Максимов думал, что Серпилин или пойдет вместе с ним, или не пустит его одного. Но Серпилин не терпел, когда удерживали его, и не любил удерживать других. Хочет идти в батальон – пусть идет. Если бы Серпилин сам мог разодраться на несколько частей, он остался бы тут и одновременно пошел в оба своих батальона.

– Иди, – сказал Серпилин. – Только не зарывайся там, впереди, – добавил он, не потому, что эта фраза имела какой-нибудь смысл, а потому, что вспомнил об убитом сегодня Ртищеве, хотя Ртищев погиб как раз не впереди, а сзади, в тылу.

– А ты здесь останешься? – спросил Максимов секретаря райкома.

– С тобой пойду, – ответил тот и поправил на плече винтовку. Оказывается, он был с винтовкой. Серпилин только сейчас заметил это.

– Как идти-то? Вон на этот сарай? – спросил Максимов.

– Сейчас вас проводят, – сказал Серпилин и крикнул, чтобы прислали связного.

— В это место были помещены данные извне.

(* Let $n\ge 1$ and $1\le k\le n+1$ be integers, let $q$ be a prime power, and let $T$ be a hereditary property of families. If every family $\mathcal{F}\subseteq 2^{[n]}$ satisfying $T$ has at most $\Sigma(n,k)$ members, then every family of subspaces of $\mathbb{F}_q^n$ with property $T$ has at most $\Sigma_q(n,k)$ members.
   Context: $[n]=\{1,\dots,n\}$ and $2^{[n]}$ is the family of all its subsets. $\mathbb{F}_q^n$ is the $n$-dimensional vector space over the field with $q$ elements. A property $T$ of families is a property that makes sense for families of members of any lattice (such as $2^{[n]}$ ordered by inclusion, or the subspaces of $\mathbb{F}_q^n$ ordered by inclusion), defined in terms of the inclusion/intersection structure of the family, so that it is preserved by injective maps preserving inclusion, intersection and span/union (e.g. properties defined by forbidding inclusion patterns); it is hereditary if every subfamily of a family with property $T$ also has property $T$. $\Sigma(n,k)=\sum_{i=1}^k\binom{n}{\lfloor\frac{n-k}{2}\rfloor+i}$ is the total size of the $k$ middle levels of $2^{[n]}$, and $\Sigma_q(n,k)=\sum_{i=1}^k{n \brack \lfloor\frac{n-k}{2}\rfloor+i}_q$, where ${n\brack j}_q=\frac{(q^n-1)(q^{n-1}-1)\cdots(q^{n-j+1}-1)}{(q^j-1)(q^{j-1}-1)\cdots(q-1)}$ is the number of $j$-dimensional subspaces of $\mathbb{F}_q^n$. *)

theory Defs
  imports Complex_Main "HOL-Library.Function_Algebras" "HOL-Library.Cardinality"
begin

text \<open>Vectors of F_q^n are functions 'n \<Rightarrow> 'a with CARD('n) = n and 'a a finite field
  (so q = CARD('a)); subsets of [n] are subsets of the finite type 'n.\<close>

definition vscale :: "'a::field \<Rightarrow> ('n \<Rightarrow> 'a) \<Rightarrow> ('n \<Rightarrow> 'a)" where
  "vscale c v = (\<lambda>i. c * v i)"

definition subspaces :: "('n \<Rightarrow> 'a::field) set set" where
  "subspaces = {S. module.subspace vscale S}"

definition vspan :: "('n \<Rightarrow> 'a::field) set \<Rightarrow> ('n \<Rightarrow> 'a) set" where
  "vspan S = module.span vscale S"

text \<open>Sigma(n,k) = sum_{i=1}^k binom(n, floor((n-k)/2) + i); int div is floor division.\<close>
definition Sigma_mid :: "nat \<Rightarrow> nat \<Rightarrow> nat" where
  "Sigma_mid n k = (\<Sum>i=1..k. n choose nat ((int n - int k) div 2 + int i))"

definition qbinom :: "nat \<Rightarrow> nat \<Rightarrow> nat \<Rightarrow> real" where
  "qbinom q n j = (\<Prod>i<j. real q ^ (n - i) - 1) / (\<Prod>i<j. real q ^ (i + 1) - 1)"

definition Sigma_q :: "nat \<Rightarrow> nat \<Rightarrow> nat \<Rightarrow> real" where
  "Sigma_q q n k = (\<Sum>i=1..k. qbinom q n (nat ((int n - int k) div 2 + int i)))"

definition subspace_embedding :: "('n set \<Rightarrow> ('n \<Rightarrow> 'a::field) set) \<Rightarrow> bool" where
  "subspace_embedding \<phi> \<longleftrightarrow>
     (\<forall>A. \<phi> A \<in> subspaces) \<and> inj \<phi> \<and>
     (\<forall>A B. A \<subseteq> B \<longleftrightarrow> \<phi> A \<subseteq> \<phi> B) \<and>
     (\<forall>A B. \<phi> (A \<inter> B) = \<phi> A \<inter> \<phi> B) \<and>
     (\<forall>A B. \<phi> (A \<union> B) = vspan (\<phi> A \<union> \<phi> B))"

end

(*
  Every ordered basis B of F_q^n spans a copy A \<mapsto> span (B ` A) of the Boolean lattice 2^[n]
  inside the subspace lattice, and this copy is a subspace embedding.  So the members of a
  T-family G of subspaces that lie in the copy come from a T-family of sets, and there are at
  most Sigma(n,k) of them.  Averaging over all ordered bases, a fixed j-dimensional subspace lies
  in the copy with probability binom(n,j) / [n,j]_q, whence the LYM-type inequality
  sum over U in G of binom(n, dim U) / [n, dim U]_q <= Sigma(n,k).
  The ratio [n,j]_q / binom(n,j) is symmetric in j and n - j and increases towards the middle,
  so under this inequality and the trivial bounds |G_j| <= [n,j]_q the size of G is largest
  when G consists of the k middle levels, i.e. |G| <= Sigma_q(n,k).
*)
theory Submission
  imports Defs "HOL-Library.FuncSet"
begin

lemma (in module) span_Un_span: "span (span X \<union> span Y) = span (X \<union> Y)"
proof (rule span_eq[THEN iffD2], intro conjI)
  show "X \<union> Y \<subseteq> span (span X \<union> span Y)"
    using span_superset[of X] span_superset[of Y] span_superset[of "span X \<union> span Y"] by blast
qed (simp add: span_mono)

context vector_space
begin

lemma span_Int_independent:
  assumes "independent Z" "X \<subseteq> Z" "Y \<subseteq> Z"
  shows "span X \<inter> span Y = span (X \<inter> Y)"
proof
  show "span X \<inter> span Y \<subseteq> span (X \<inter> Y)"
  proof
    fix v assume v: "v \<in> span X \<inter> span Y"
    let ?R = "representation Z v"
    have RX: "?R = representation X v" and RY: "?R = representation Y v"
      using v assms by (auto intro: representation_extend)
    have supp: "{b. ?R b \<noteq> 0} \<subseteq> X \<inter> Y"
      using representation_ne_zero[of X v] representation_ne_zero[of Y v] RX RY by auto
    have "v = (\<Sum>b | ?R b \<noteq> 0. scale (?R b) b)"
      using v assms span_mono[of X Z] by (intro sum_nonzero_representation_eq[symmetric]) auto
    also have "\<dots> \<in> span (X \<inter> Y)"
      using supp by (intro span_sum span_scale span_base) auto
    finally show "v \<in> span (X \<inter> Y)" .
  qed
qed (simp add: span_mono)

lemma card_span_independent:
  assumes "finite (UNIV :: 'a set)" "independent S" "finite S"
  shows "card (span S) = CARD('a) ^ card S"
  using assms(3,2)
proof (induction S rule: finite_induct)
  case (insert x S)
  then have indep: "independent S" and x: "x \<notin> span S"
    using independent_insert by auto
  have "inj_on (\<lambda>(c, y). scale c x + y) (UNIV \<times> span S)"
  proof (rule inj_onI, clarsimp)
    fix c c' y y' assume y: "y \<in> span S" "y' \<in> span S" and eq: "scale c x + y = scale c' x + y'"
    then have "scale (c - c') x = y' - y"
      by (simp add: scale_left_diff_distrib algebra_simps)
    then have "scale (c - c') x \<in> span S"
      using y by (simp add: span_diff)
    then have "c = c'"
      using x span_scale[of "scale (c - c') x" S "inverse (c - c')"]
      by (metis left_inverse right_minus_eq scale_one scale_scale)
    with eq show "c = c' \<and> y = y'" by simp
  qed
  moreover have "(\<lambda>(c, y). scale c x + y) ` (UNIV \<times> span S) = span (insert x S)"
  proof (intro equalityI subsetI)
    fix z assume "z \<in> (\<lambda>(c, y). scale c x + y) ` (UNIV \<times> span S)"
    then obtain c y where "y \<in> span S" "z = scale c x + y" by auto
    then show "z \<in> span (insert x S)"
      by (auto simp: span_breakdown_eq intro!: exI[of _ c])
  next
    fix z assume "z \<in> span (insert x S)"
    then obtain c where "z - scale c x \<in> span S"
      by (auto simp: span_breakdown_eq)
    then show "z \<in> (\<lambda>(c, y). scale c x + y) ` (UNIV \<times> span S)"
      by (intro image_eqI[of _ _ "(c, z - scale c x)"]) auto
  qed
  ultimately have "card (span (insert x S)) = CARD('a) * card (span S)"
    by (metis card_image card_cartesian_product)
  with insert indep show ?case by simp
qed simp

Максимов ушел. А через минуту перед Серпилиным уже стоял задохшийся, потный комиссар дивизии. Он одновременно стирал с лица и пот и снег и спрашивал что-то таким осипшим голосом, что Серпилин сперва не расслышал.

– Как у вас тут дела? – спрашивал комиссар.

– Пока по-прежнему... Только Рыбаков подошел. А у тебя как? – спросил Серпилин.

Но по счастливому лицу комиссара уже было видно, как у него дела. Он притащил-таки пушки, и, судя по его виду, притащил в буквальном смысле слова; наверное, сам вместе с другими вытаскивал их из снега.

– Правда, не четыре, а три, – сказал он. – Уже их там, левее, – он показал рукой, – на позиции ставят. Артиллеристы обещают через десять минут огонь дать... Одну в овраг завалили, никак не могли... Измучились...

– Черт с ней, потом вытащим, спасибо и за три, – сказал Серпилин и, ткнувшись лицом в лицо, благодарно поцеловал этого немолодого, усталого человека.

Вдруг навстречу издалека, из-за станции, из-за стоявшего над ней зарева, оттуда, куда должны были выйти Баглюк и Рябченко, донеслось то, чего ждал Серпилин, – отзвуки боя, далекие, слабые, но все-таки слышные.

– Баглюк! – только и сказал Серпилин и вздохнул так, словно с плеч у него свалилась невыносимо тяжелая гора.

Малинин лежал в бараке на земляном полу на охапке мерзлой, начинавшей оттаивать соломы. Рядом лежало и сидело еще несколько раненых. В печи, дымя и шипя, горело бревно. Ни у кого не случилось с собой топора, и пришлось прямо вот так и засунуть это бревно концом в печь, от времени до времени подавая его вперед.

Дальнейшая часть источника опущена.